Re^3: [XS] sv_setpv change in behaviour with perl-5.42.0 and later
by ikegami (Patriarch) on Jan 29, 2026 at 02:53 UTC

    Except that, with earlier perls, the new buffer is the same length as the old buffer

    That's not true. When older Perls create a new buffer, they are just a bit larger than necessary, just like in 5.42.

    In all the examples where you claim there's a new buffer was allocated based on the size of the old one, you are mistaken. As I explained, no new buffer was allocated in those cases. set_sv is simply modifying the existing buffer, something you can't do with shared buffer. And since Perl never shrinks a buffer, modifying the buffer does not shrink it.[1]


    1. It can free it, e.g. using undef $s; (as opposed to $s = undef;), which could eventually result with a shorter buffer in $s. But I don't know of any circumstances in which it directly shrinks a buffer.

      ... modifying the buffer does not shrink it

      So what does SvLEN tell us about the buffer ?
      According to perlapi documentation:
      "SvLEN" Returns the size of the string buffer in the SV, not including any part attributable to "SvOOK". See "SvCUR".
      Now, I don't understand the reference to "SvOOK" and "SvCUR", but the bit that says "Returns the size of the string buffer in the SV" means (to me) that if the value of LEN (ie SvLEN) has been reduced, then size of the buffer has been reduced - ie the buffer has been shrunk.
      Not so ?

      Cheers,
      Rob
        I think this is a matter of semantics. A particular buffer, once allocated, has size SvLEN() and never shrinks. However, that buffer can (under some circumstances) be freed and a different buffer allocated with a smaller SvLEN().

        Dave.

        SvLEN is the size of the buffer currently referenced by SvPVX.

        I didn't say a scalar's buffer couldn't be replaced with a smaller one (which would result in a reduction of a scalar's SvLEN). But even so, it doesn't replace a scalar's buffer unless necessary either.

        That's why copying a short string over a long one in a buffer doesn't affect the buffer size (in any version of Perl).

        use Devel::Peek qw( Dump ); $_ = "x" x 999; $_ .= "x"; # Force unsharing. Dump( $_ ); $_ = "abc"; Dump( $_ );
        SV = PV(0x5b5d1f3fdee0) at 0x5b5d1f439bc8 REFCNT = 1 FLAGS = (POK,pPOK) PV = 0x5b5d1f441580 "xxx[...]xxx"\0 CUR = 1000 LEN = 1001 SV = PV(0x5b5d1f3fdee0) at 0x5b5d1f439bc8 REFCNT = 1 FLAGS = (POK,pPOK) PV = 0x5b5d1f441580 "abc"\0 <-- Same buffer CUR = 3 LEN = 1001 <-- Same size

        And that's why the difference between when SvLEN goes down or not is whether Perl must allocate a fresh buffer or not.


        OOK is a mechanism which can be used used to efficiently delete from the start of a string. Rather than shifting the entire contents of the buffer, OOK can be used to fake the start and size of the buffer instead.

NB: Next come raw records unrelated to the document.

lemma peval_pmul:
  fixes G H :: "('i,'k::comm_semiring_1) fpoly"
  assumes hG: "hom a G" and hH: "hom b H" and v: "vec v"
  shows "peval (pmul G H) v = peval G v * peval H v"
proof -
  define S where "S = supp v"
  have S: "finite S" "supp v \<subseteq> S"
    using v by (simp_all add: S_def vec_iff_finite_supp)
  define M where "M = multisets_of_size S (a + b)"
  have fin_M: "finite M"
    using S by (auto simp: M_def)
  define Split where "Split m = {x. x \<subseteq># m \<and> size x = a}" for m :: "'i multiset"
  have fin_Split: "finite (Split m)" for m
    unfolding Split_def by (rule finite_subset[OF _ finite_submultisets]) auto
  have prod_split: "(\<Prod>i\<in>#x. v i) * (\<Prod>i\<in>#m - x. v i) = (\<Prod>i\<in>#m. v i)" if "x \<subseteq># m" for x m
    using that by (metis image_mset_union prod_mset.union subset_mset.add_diff_inverse)
  have pmul_eq: "pmul G H m = (\<Sum>x\<in>Split m. G x * H (m - x))" for m
    unfolding pmul_def Split_def
    by (rule sum.mono_neutral_right[OF finite_submultisets]) (use hG in \<open>force simp: hom_def\<close>)+
  have "peval (pmul G H) v = (\<Sum>m\<in>M. pmul G H m * (\<Prod>i\<in>#m. v i))"
    unfolding M_def using hom_pmul[OF hG hH] S by (rule peval_eq_sum)
  also have "\<dots> = (\<Sum>(m, x)\<in>Sigma M Split. G x * H (m - x) * (\<Prod>i\<in>#m. v i))"
    using fin_Split by (simp add: pmul_eq sum_distrib_right sum.Sigma[OF fin_M])
  also have "\<dots> = (\<Sum>(x, y)\<in>multisets_of_size S a \<times> multisets_of_size S b.
                    G x * (\<Prod>i\<in>#x. v i) * (H y * (\<Prod>i\<in>#y. v i)))"
    by (rule sum.reindex_bij_witness[where i = "\<lambda>(x, y). (x + y, x)" and j = "\<lambda>(m, x). (x, m - x)"])
      (auto simp: Split_def M_def multisets_of_size_def size_Diff_submset prod_split[symmetric] mult_ac
        dest: in_diffD, meson mset_subset_eqD subsetD)
  also have "\<dots> = peval G v * peval H v"
    using hG hH S by (simp add: peval_eq_sum sum_product sum.cartesian_product)
  finally show ?thesis .
qed

section \<open>Linear forms and a distinguished coordinate\<close>

definition linear_form :: "('i \<Rightarrow> 'k) \<Rightarrow> ('i,'k::zero) fpoly" where
  "linear_form r m = (if size m = 1 then r (the_elem (set_mset m)) else 0)"

lemma hom_linear_form: "hom 1 (linear_form r)"
  by (simp add: hom_def linear_form_def)

lemma peval_hom1_eq_sum:
  fixes F :: "('i,'k::comm_semiring_1) fpoly"
  assumes "hom 1 F" "finite S" "supp v \<subseteq> S"
  shows "peval F v = (\<Sum>i\<in>S. F {#i#} * v i)"
proof -
  have singletons: "multisets_of_size S 1 = (\<lambda>i. {#i#}) ` S"
    by (auto simp: multisets_of_size_def dest!: size_1_singleton_mset[simplified])
  show ?thesis
    using peval_eq_sum[OF assms] unfolding singletons by (simp add: sum.reindex inj_on_def)
qed

lemma peval_linear_form:
  fixes r :: "'i \<Rightarrow> 'k::comm_semiring_1"
  assumes "finite S" "supp v \<subseteq> S"
  shows "peval (linear_form r) v = (\<Sum>i\<in>S. r i * v i)"
  using peval_hom1_eq_sum[OF hom_linear_form assms] by (simp add: linear_form_def)
theorem mainTheorem13:
  fixes T :: "('a::banach \<times> ('a \<Rightarrow>\<^sub>L real)) set"
  assumes "pseudomonotone T"
  shows "D_maximal_pseudomonotone T \<longleftrightarrow> hat T = ps_polar_D (hat T)"
proof
  assume "D_maximal_pseudomonotone T"
  then obtain S where pm: "pseudomonotone S" and equiv: "op_equivalent T S"
    and maximal: "\<not> (\<exists>S'. pseudomonotone S' \<and> S \<subset> S' \<and> opdom S' = opdom S)"
    by (auto simp: D_maximal_pseudomonotone_def)
  have fixed: "ps_polar_D S = S"
    using maximal no_extension_same_domain_iff_ps_polar_D[OF pm] by blast
  have "hat T = S"
    using hat_cong[OF equiv] pseudomonotone_subset_hat[OF pm] hat_subset_ps_polar_D[OF pm] fixed
    by blast
  then show "hat T = ps_polar_D (hat T)" using fixed by simp
next
  assume fixed: "hat T = ps_polar_D (hat T)"
  then have pm: "pseudomonotone (hat T)"
    by (intro pseudomonotone_if_subset_ps_polar) (auto simp: ps_polar_D_def)
  then have "\<not> (\<exists>S'. pseudomonotone S' \<and> hat T \<subset> S' \<and> opdom S' = opdom (hat T))"
    using fixed no_extension_same_domain_iff_ps_polar_D by metis
  then show "D_maximal_pseudomonotone T"
    using assms pm op_equivalent_hat[of T] by (auto simp: D_maximal_pseudomonotone_def)
qed

end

        use Devel::Peek qw( Dump ); $_ = "abcdefghi"; $_ .= "j"; # Force unsharing. Dump( $_ ); substr( $_ , 0 , 1 ) = ""; Dump( $_ );
        SV = PV(0x600760853ee0) at 0x6007608a35d8 REFCNT = 1 FLAGS = (POK,pPOK) PV = 0x60076086a2e0 "abcdefghij"\0 CUR = 10 LEN = 16 SV = PV(0x600760853ee0) at 0x6007608a35d8 REFCNT = 1 FLAGS = (POK,OOK,pPOK) OFFSET = 1 PV = 0x60076086a2e1 ( "\x01" . ) "bcdefghij"\0 CUR = 9 LEN = 15

        There's still a 16 byte buffer at 0x60076086a2e0, and the scalar's buffer was replaced with a a 15 byte virtual buffer at 0x60076086a2e1.


        SvCUR is offered as a contrast. SvLENis the size of the buffer, and SvCUR is the portion used. Also, someone looking for SvCUR might have landed on SvLEN.